Visually it could be seen as the best

that has ever come out of text video but

for others barely an improvement on VO3

from Google. It's up to you of course

but I will try to focus on six elements

you might not have caught from the viral

release video and announcement. So, is

it all a distraction though from

physical science breakthroughs like

those promised by periodic labs or the

coding supremacy of Claude 4.5 Sonnet?

Depends who you ask. But let's get

started. First, a quick one. One detail

that many may have missed. There are

actually two Sora 2os. OpenAI said Pro

users will be able to use our

experimental higher quality Sora 2 Pro

initially on sora.com and then in the

app as well. But my question is where

did all the best demos come which you're

going to see in this video and which

went viral? Could it be that most of

those were Sora 2 Pro and therefore what

most people will access is just the

normal Sora 2. These things are

incredibly expensive to run, don't

forget. And OpenAI do eventually have to

make a profit. And then there's the

rollout. According to the Sora 2 system

card, that invitation system that which

is a bit jank is actually deliberate to

slow things down. That's maybe also why

it's only for the US and Canada

initially. iOS only premium but with

limits that will actually decrease as

new users join with no API though

apparently that's promised in the coming

weeks. All of that is deliberate and

part of the safety focused iterative

rollout strategy. Then there's the

inevitable comparisons initially between

Sora 1 and Sora 2, but I'm going to

throw in V3 demos too for reference made

via V3 preview on Gemini online and V3

quality with Google Flow. Now, note that

one of the leads for Sora 2 said that

that model is intelligent in a way that

we haven't seen with a video model

before. So, they're claiming it has the

best world model. You could say image to

video or video to video is not yet

allowed, although we'll get to cameos

later. All of this begs the inevitable

question as to which model is the very

best for video generation.
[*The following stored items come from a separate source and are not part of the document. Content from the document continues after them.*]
(* Let $(A_n)_{n\ge0}$ be an Appell sequence, i.e. $A_0=1$ and $A_n'=nA_{n-1}$ for $n\ge1$, so that $A_n(x)=\sum_{j=0}^n\binom nj z_jx^{n-j}$ with $z_0=1$ and $z_j=A_j(0)$. For any partition $\lambda$ of size $n$, $$A_\lambda(x)=x^n+\binom n1z_1x^{n-1}+\Big(c(\lambda)(z_2-z_1^2)+\binom n2 z_1^2\Big)x^{n-2}+O(x^{n-3}),$$ i.e. the coefficients of $x^n$, $x^{n-1}$, $x^{n-2}$ in $A_\lambda$ are $1$, $nz_1$ and $c(\lambda)(z_2-z_1^2)+\binom n2z_1^2$ respectively.
   Context: For a partition $\lambda=(\lambda_1\ge\dots\ge\lambda_{\ell(\lambda)}>0)$ with degree vector $n_i=\lambda_i+\ell(\lambda)-i$, the Wronskian Appell polynomial is $A_\lambda=\mathrm{Wr}[A_{n_1},\dots,A_{n_{\ell(\lambda)}}]/\prod_{i<j}(n_j-n_i)$ ($A_\emptyset=1$). The content sum is $c(\lambda)=\sum_{(i,j)\in\lambda}(j-i)$, summed over the boxes $(i,j)$, $1\le i\le\ell(\lambda)$, $1\le j\le\lambda_i$, of the Young diagram. *)

theory Defs
  imports "HOL-Computational_Algebra.Polynomial" "Jordan_Normal_Form.Determinant"
begin

definition appell :: "(nat \<Rightarrow> 'a::field_char_0 poly) \<Rightarrow> bool" where
  "appell A \<longleftrightarrow> A 0 = 1 \<and> (\<forall>n\<ge>1. pderiv (A n) = smult (of_nat n) (A (n - 1)))"

definition is_partition :: "nat list \<Rightarrow> bool" where
  "is_partition lam \<longleftrightarrow> sorted_wrt (\<ge>) lam \<and> (\<forall>x\<in>set lam. 0 < x)"

text \<open>Degree vector, 0-indexed: n_i = lambda_i + l - 1 - i  (i = 0..l-1),
  i.e. lambda_{i+1} + l - (i+1) in 1-indexed notation.\<close>
definition degvec :: "nat list \<Rightarrow> nat \<Rightarrow> nat" where
  "degvec lam i = lam ! i + length lam - 1 - i"

definition wronskian :: "nat \<Rightarrow> (nat \<Rightarrow> 'a::idom poly) \<Rightarrow> 'a poly" where
  "wronskian l f = det (mat l l (\<lambda>(i, j). (pderiv ^^ i) (f j)))"

definition wronskian_appell ::
  "(nat \<Rightarrow> 'a::field_char_0 poly) \<Rightarrow> nat list \<Rightarrow> 'a poly" where
  "wronskian_appell A lam =
     (let l = length lam; n = degvec lam in
      smult (inverse (\<Prod>j<l. \<Prod>i<j. of_int (int (n j) - int (n i))))
            (wronskian l (\<lambda>j. A (n j))))"

text \<open>Content sum: sum over boxes (i,j) of j - i (same value with 0-indexing).\<close>
definition content :: "nat list \<Rightarrow> int" where
  "content lam = (\<Sum>i<length lam. \<Sum>j<lam ! i. int j - int i)"

end

theory Submission
  imports Defs
begin

(*
  By the Leibniz formula and D^i A_m = (m)_i A_(m-i), with (m)_i the falling factorial, the
  Wronskian is a combination of products of Appell polynomials of total degree n = |lambda|, with
  coefficients sgn(p) prod_i (n_p(i))_i.  Reversing the coefficients of such a product shows that
  its three leading coefficients depend on the degrees m_i only through n and sum_i C(m_i, 2).
  The coefficients sum to the Vandermonde determinant of the n_j, which is the normalising
  constant, so it remains to evaluate their weighted sum against sum_i C(n_p(i) - i, 2).
  Multiplying row i of the matrix ((n_j)_i) by n_j gives row i+1 plus i times row i, so for
  i < l - 1 the weighted sum of n_p(i) is i times the Vandermonde determinant; the remaining terms
  are symmetric in the n_j, and the result is the Vandermonde determinant times c(lambda).
*)

section \<open>Appell polynomials\<close>

definition ffact :: "nat \<Rightarrow> 'a::comm_ring_1 \<Rightarrow> 'a" where
  "ffact k x = (\<Prod>i<k. x - of_nat i)"

lemma ffact_Suc: "ffact (Suc k) x = ffact k x * (x - of_nat k)"
  by (simp add: ffact_def)

lemma ffact_of_nat_eq_0: "m < k \<Longrightarrow> ffact k (of_nat m :: 'a::comm_ring_1) = 0"
  unfolding ffact_def by (rule prod_zero) auto

lemma appell_coeff:
  fixes A :: "nat \<Rightarrow> 'a::field_char_0 poly"
  assumes "appell A"
  shows "coeff (A m) k = of_nat (m choose k) * poly (A (m - k)) 0"
proof (induction m arbitrary: k)
  case 0
  then show ?case using assms by (cases k) (simp_all add: appell_def)
next
  case (Suc m)
  show ?case
  proof (cases k)
    case 0
    then show ?thesis by (simp add: poly_0_coeff_0)
  next
    case (Suc j)
    have "of_nat (Suc j) * coeff (A (Suc m)) (Suc j) = coeff (pderiv (A (Suc m))) j"
      by (simp add: coeff_pderiv)
    also have "\<dots> = of_nat (Suc m * (m choose j)) * poly (A (m - j)) 0"
      using assms by (simp add: appell_def Suc.IH algebra_simps)
    also have "\<dots> = of_nat (Suc j) * (of_nat (Suc m choose Suc j) * poly (A (m - j)) 0)"
      by (simp only: Suc_times_binomial_eq of_nat_mult ac_simps)
    finally show ?thesis
      using Suc by (simp del: of_nat_Suc)
  qed
qed

lemma appell_pderiv: "appell A \<Longrightarrow> pderiv (A m) = smult (of_nat m) (A (m - 1))"
  by (cases m) (auto simp: appell_def)

lemma
  fixes A :: "nat \<Rightarrow> 'a::field_char_0 poly"
  assumes "appell A"
  shows appell_degree: "degree (A m) = m"
    and appell_lead_coeff: "lead_coeff (A m) = 1"
proof -
  have lead: "coeff (A m) m = 1"
    using assms by (simp add: appell_coeff appell_def)
  moreover have "degree (A m) \<le> m"
    by (rule degree_le) (simp add: appell_coeff[OF assms])
  ultimately show "degree (A m) = m"
    by (metis le_antisym le_degree one_neq_zero)
  with lead show "lead_coeff (A m) = 1" by simp
qed

lemma coeff_reflect_appell:
  fixes A :: "nat \<Rightarrow> 'a::field_char_0 poly"
  assumes "appell A"
  shows "coeff (reflect_poly (A m)) k = of_nat (m choose k) * poly (A k) 0"
  using assms by (cases "k \<le> m")
    (auto simp: coeff_reflect_poly appell_degree appell_coeff binomial_symmetric[symmetric])

lemma higher_pderiv_appell:
  fixes A :: "nat \<Rightarrow> 'a::field_char_0 poly"
  assumes "appell A"
  shows "(pderiv ^^ i) (A m) = smult (ffact i (of_nat m)) (A (m - i))"
proof (induction i)
  case 0
  then show ?case by (simp add: ffact_def)
next
  case (Suc i)
  have "(pderiv ^^ Suc i) (A m) = smult (ffact i (of_nat m) * of_nat (m - i)) (A (m - Suc i))"
    using Suc by (simp add: pderiv_smult appell_pderiv[OF assms])
  also have "ffact i (of_nat m) * of_nat (m - i) = (ffact (Suc i) (of_nat m) :: 'a)"
    by (cases "i \<le> m") (simp_all add: ffact_Suc of_nat_diff ffact_of_nat_eq_0)
  finally show ?case .
qed

lemma of_nat_choose_two: "(of_nat (m choose 2) :: 'a::field_char_0) = of_nat m * (of_nat m - 1) / 2"
proof (induction m)
  case (Suc m)
  have "Suc m choose 2 = m + (m choose 2)"
    by (simp add: numeral_2_eq_2)
  with Suc show ?case by (simp add: field_simps)
qed (simp add: numeral_2_eq_2)

lemma low_coeffs_prod_const_one:
  fixes q :: "'b \<Rightarrow> 'a::comm_ring_1 poly"
  assumes "finite I" and "\<And>i. i \<in> I \<Longrightarrow> coeff (q i) 0 = 1"
  shows "coeff (\<Prod>i\<in>I. q i) 0 = 1"
    and "coeff (\<Prod>i\<in>I. q i) 1 = (\<Sum>i\<in>I. coeff (q i) 1)"
    and "2 * coeff (\<Prod>i\<in>I. q i) 2
           = 2 * (\<Sum>i\<in>I. coeff (q i) 2) + (\<Sum>i\<in>I. coeff (q i) 1)^2 - (\<Sum>i\<in>I. (coeff (q i) 1)^2)"
proof -
  have "coeff (\<Prod>i\<in>I. q i) 0 = 1 \<and> coeff (\<Prod>i\<in>I. q i) 1 = (\<Sum>i\<in>I. coeff (q i) 1)
    \<and> 2 * coeff (\<Prod>i\<in>I. q i) 2
        = 2 * (\<Sum>i\<in>I. coeff (q i) 2) + (\<Sum>i\<in>I. coeff (q i) 1)^2 - (\<Sum>i\<in>I. (coeff (q i) 1)^2)"
    using assms
  proof (induction I rule: finite_induct)
    case (insert a F)
    define P where "P = (\<Prod>i\<in>F. q i)"
    have "coeff (q a) 0 = 1" and "coeff P 0 = 1" "coeff P 1 = (\<Sum>i\<in>F. coeff (q i) 1)"
      "2 * coeff P 2
         = 2 * (\<Sum>i\<in>F. coeff (q i) 2) + (\<Sum>i\<in>F. coeff (q i) 1)^2 - (\<Sum>i\<in>F. (coeff (q i) 1)^2)"
      using insert by (simp_all add: P_def)
    moreover have "coeff (q a * P) 1 = coeff (q a) 0 * coeff P 1 + coeff (q a) 1 * coeff P 0"
      and "coeff (q a * P) 2
             = coeff (q a) 0 * coeff P 2 + coeff (q a) 1 * coeff P 1 + coeff (q a) 2 * coeff P 0"
      by (simp_all add: coeff_mult numeral_2_eq_2 atMost_Suc)
    ultimately show ?case
      using insert(1,2) by (simp add: P_def[symmetric] coeff_mult_0 power2_eq_square algebra_simps)
  qed simp
  then show "coeff (\<Prod>i\<in>I. q i) 0 = 1" "coeff (\<Prod>i\<in>I. q i) 1 = (\<Sum>i\<in>I. coeff (q i) 1)"
    "2 * coeff (\<Prod>i\<in>I. q i) 2
       = 2 * (\<Sum>i\<in>I. coeff (q i) 2) + (\<Sum>i\<in>I. coeff (q i) 1)^2 - (\<Sum>i\<in>I. (coeff (q i) 1)^2)"
    by blast+
qed

lemma top_coeffs_prod_appell:
  fixes A :: "nat \<Rightarrow> 'a::field_char_0 poly"
  assumes "appell A" and "finite I" and N: "N = (\<Sum>i\<in>I. m i)"
  defines "z \<equiv> \<lambda>j. poly (A j) 0"
  shows "coeff (\<Prod>i\<in>I. A (m i)) N = 1"
    and "1 \<le> N \<Longrightarrow> coeff (\<Prod>i\<in>I. A (m i)) (N - 1) = of_nat N * z 1"
    and "2 \<le> N \<Longrightarrow> coeff (\<Prod>i\<in>I. A (m i)) (N - 2)
           = of_nat (N choose 2) * (z 1)^2 + (z 2 - (z 1)^2) * (\<Sum>i\<in>I. of_nat (m i choose 2))"
proof -
  have "A (m i) \<noteq> 0" for i
    using appell_lead_coeff[OF assms(1), of "m i"] by auto
  then have "degree (\<Prod>i\<in>I. A (m i)) = N"
    by (simp add: N degree_prod_eq_sum_degree appell_degree[OF assms(1)])
  then have top: "coeff (\<Prod>i\<in>I. A (m i)) (N - k) = coeff (\<Prod>i\<in>I. reflect_poly (A (m i))) k"
    if "k \<le> N" for k
    using that by (simp add: coeff_reflect_poly flip: reflect_poly_prod)
  have "coeff (reflect_poly (A (m i))) 0 = 1" for i
    by (simp add: appell_lead_coeff[OF assms(1)])
  note low = low_coeffs_prod_const_one[OF assms(2) this]
  note refl = coeff_reflect_appell[OF assms(1)]
  show "coeff (\<Prod>i\<in>I. A (m i)) N = 1"
    using top[of 0] low(1) by (simp add: refl z_def)
  show "coeff (\<Prod>i\<in>I. A (m i)) (N - 1) = of_nat N * z 1" if "1 \<le> N"
    using top[of 1] low(2) that by (simp add: refl z_def N sum_distrib_right)
  show "coeff (\<Prod>i\<in>I. A (m i)) (N - 2)
      = of_nat (N choose 2) * (z 1)^2 + (z 2 - (z 1)^2) * (\<Sum>i\<in>I. of_nat (m i choose 2))" if "2 \<le> N"
  proof -
    have "2 * coeff (\<Prod>i\<in>I. A (m i)) (N - 2)
        = 2 * (z 2 * (\<Sum>i\<in>I. of_nat (m i choose 2))) + (of_nat N * z 1)^2
          - (\<Sum>i\<in>I. (of_nat (m i) * z 1)^2)"
      using top[of 2] low(3) that
      by (simp add: refl z_def N sum_distrib_left sum_distrib_right mult_ac)
    also have "\<dots> = 2 * (z 2 * (\<Sum>i\<in>I. of_nat (m i choose 2))) + (of_nat N * z 1)^2
        - (z 1)^2 * (2 * (\<Sum>i\<in>I. of_nat (m i choose 2)) + of_nat N)"
    proof -
      have "(\<Sum>i\<in>I. (of_nat (m i) * z 1)^2) = (z 1)^2 * (\<Sum>i\<in>I. of_nat (m i) * of_nat (m i))"
        by (simp add: sum_distrib_left power_mult_distrib power2_eq_square mult_ac)
      moreover have "2 * (\<Sum>i\<in>I. of_nat (m i choose 2)) + of_nat N
          = (\<Sum>i\<in>I. of_nat (m i) * of_nat (m i) :: 'a)"
      proof -
        have "2 * of_nat (k choose 2) + of_nat k = (of_nat k * of_nat k :: 'a)" for k
          by (simp add: of_nat_choose_two field_simps)
        then show ?thesis by (simp add: sum_distrib_left N flip: sum.distrib)
      qed
      ultimately show ?thesis by simp
    qed
    also have "\<dots> = 2 * (of_nat (N choose 2) * (z 1)^2
        + (z 2 - (z 1)^2) * (\<Sum>i\<in>I. of_nat (m i choose 2)))"
      by (simp add: of_nat_choose_two field_simps power2_eq_square)
    finally show ?thesis by (metis mult_left_cancel zero_neq_numeral)
  qed
qed

section \<open>Vandermonde determinants\<close>

definition vandermonde :: "(nat \<Rightarrow> 'a::comm_ring_1) \<Rightarrow> nat \<Rightarrow> 'a" where
  "vandermonde x l = (\<Prod>j<l. \<Prod>i<j. x j - x i)"

definition newton_poly :: "(nat \<Rightarrow> 'a::comm_ring_1) \<Rightarrow> nat \<Rightarrow> 'a poly" where
  "newton_poly x k = (\<Prod>i<k. [:- x i, 1:])"

lemma degree_newton_poly: "degree (newton_poly x k :: 'a::idom poly) = k"
  unfolding newton_poly_def by (subst degree_prod_eq_sum_degree) auto

lemma lead_coeff_newton_poly: "lead_coeff (newton_poly x k :: 'a::idom poly) = 1"
  unfolding newton_poly_def lead_coeff_prod by simp

lemma poly_newton_poly: "poly (newton_poly x k) y = (\<Prod>i<k. y - x i)"
  unfolding newton_poly_def by (simp add: poly_prod)

lemma newton_poly_basis:
  fixes x :: "nat \<Rightarrow> 'a::idom"
  assumes "\<And>n. d \<le> n \<Longrightarrow> coeff p n = 0"
  shows "\<exists>c. p = (\<Sum>k<d. smult (c k) (newton_poly x k))"
  using assms
proof (induction d arbitrary: p)
  case 0
  then have "p = 0" by (intro poly_eqI) simp
  then show ?case by simp
next
  case (Suc d)
  define p' where "p' = p - smult (coeff p d) (newton_poly x d)"
  have "coeff p' n = 0" if "d \<le> n" for n
  proof (cases "n = d")
    case True
    then show ?thesis
      by (simp add: p'_def lead_coeff_newton_poly[of x d, unfolded degree_newton_poly])
  next
    case False
    with that have "degree (newton_poly x d) < n" by (simp add: degree_newton_poly)
    with False that Suc.prems show ?thesis by (simp add: p'_def coeff_eq_0)
  qed
  then obtain c where "p' = (\<Sum>k<d. smult (c k) (newton_poly x k))"
    using Suc.IH by blast
  then have "p = (\<Sum>k<Suc d. smult ((c(d := coeff p d)) k) (newton_poly x k))"
    by (simp add: p'_def algebra_simps)
  then show ?case by blast
qed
And

comparisons are really hard to state

definitively. As I've said earlier on

we don't even know whether this is Sora

2 Pro or Sora 2. And even V3 has preview

quality versions, fast versions, and the

main V3. Also, I have seen credible

leaks that apparently VO 3.1 is going to

be released in the coming week or so.

I'm also going to make a point that I

think is fairly significant which is

models. I'm not just talking about Sora

and Vio but even LLM like Gemini and

ChatBT they are unbelievably

fundamentally dependent on the data sets

on which they're trained. So just

because for one particular prompt say of

a gymnast one model is clearly better

than the other doesn't mean it's better

all around. It might just have more

training data on that domain. Take this

game generation of Cyberpunk from Sor 2.

Now, I've never played that game, but

clearly according to reports, they must

have taken plenty of video tutorials

from that game and fed it into the

training data. Sora 2 can also generate

anime, much better than V3, apparently.

But again, think training data.

>> You, better, keep, that, wheel, steady, cuz

everyone's gunning for us.

>> Found, output, tokens, cost, more, than, input

tokens.

Yeah, apparently my words aren't worth

as much as the models.

>> Input, tokens, are, the, cheap, seats.

>> Then, there's, questions, of, copyright.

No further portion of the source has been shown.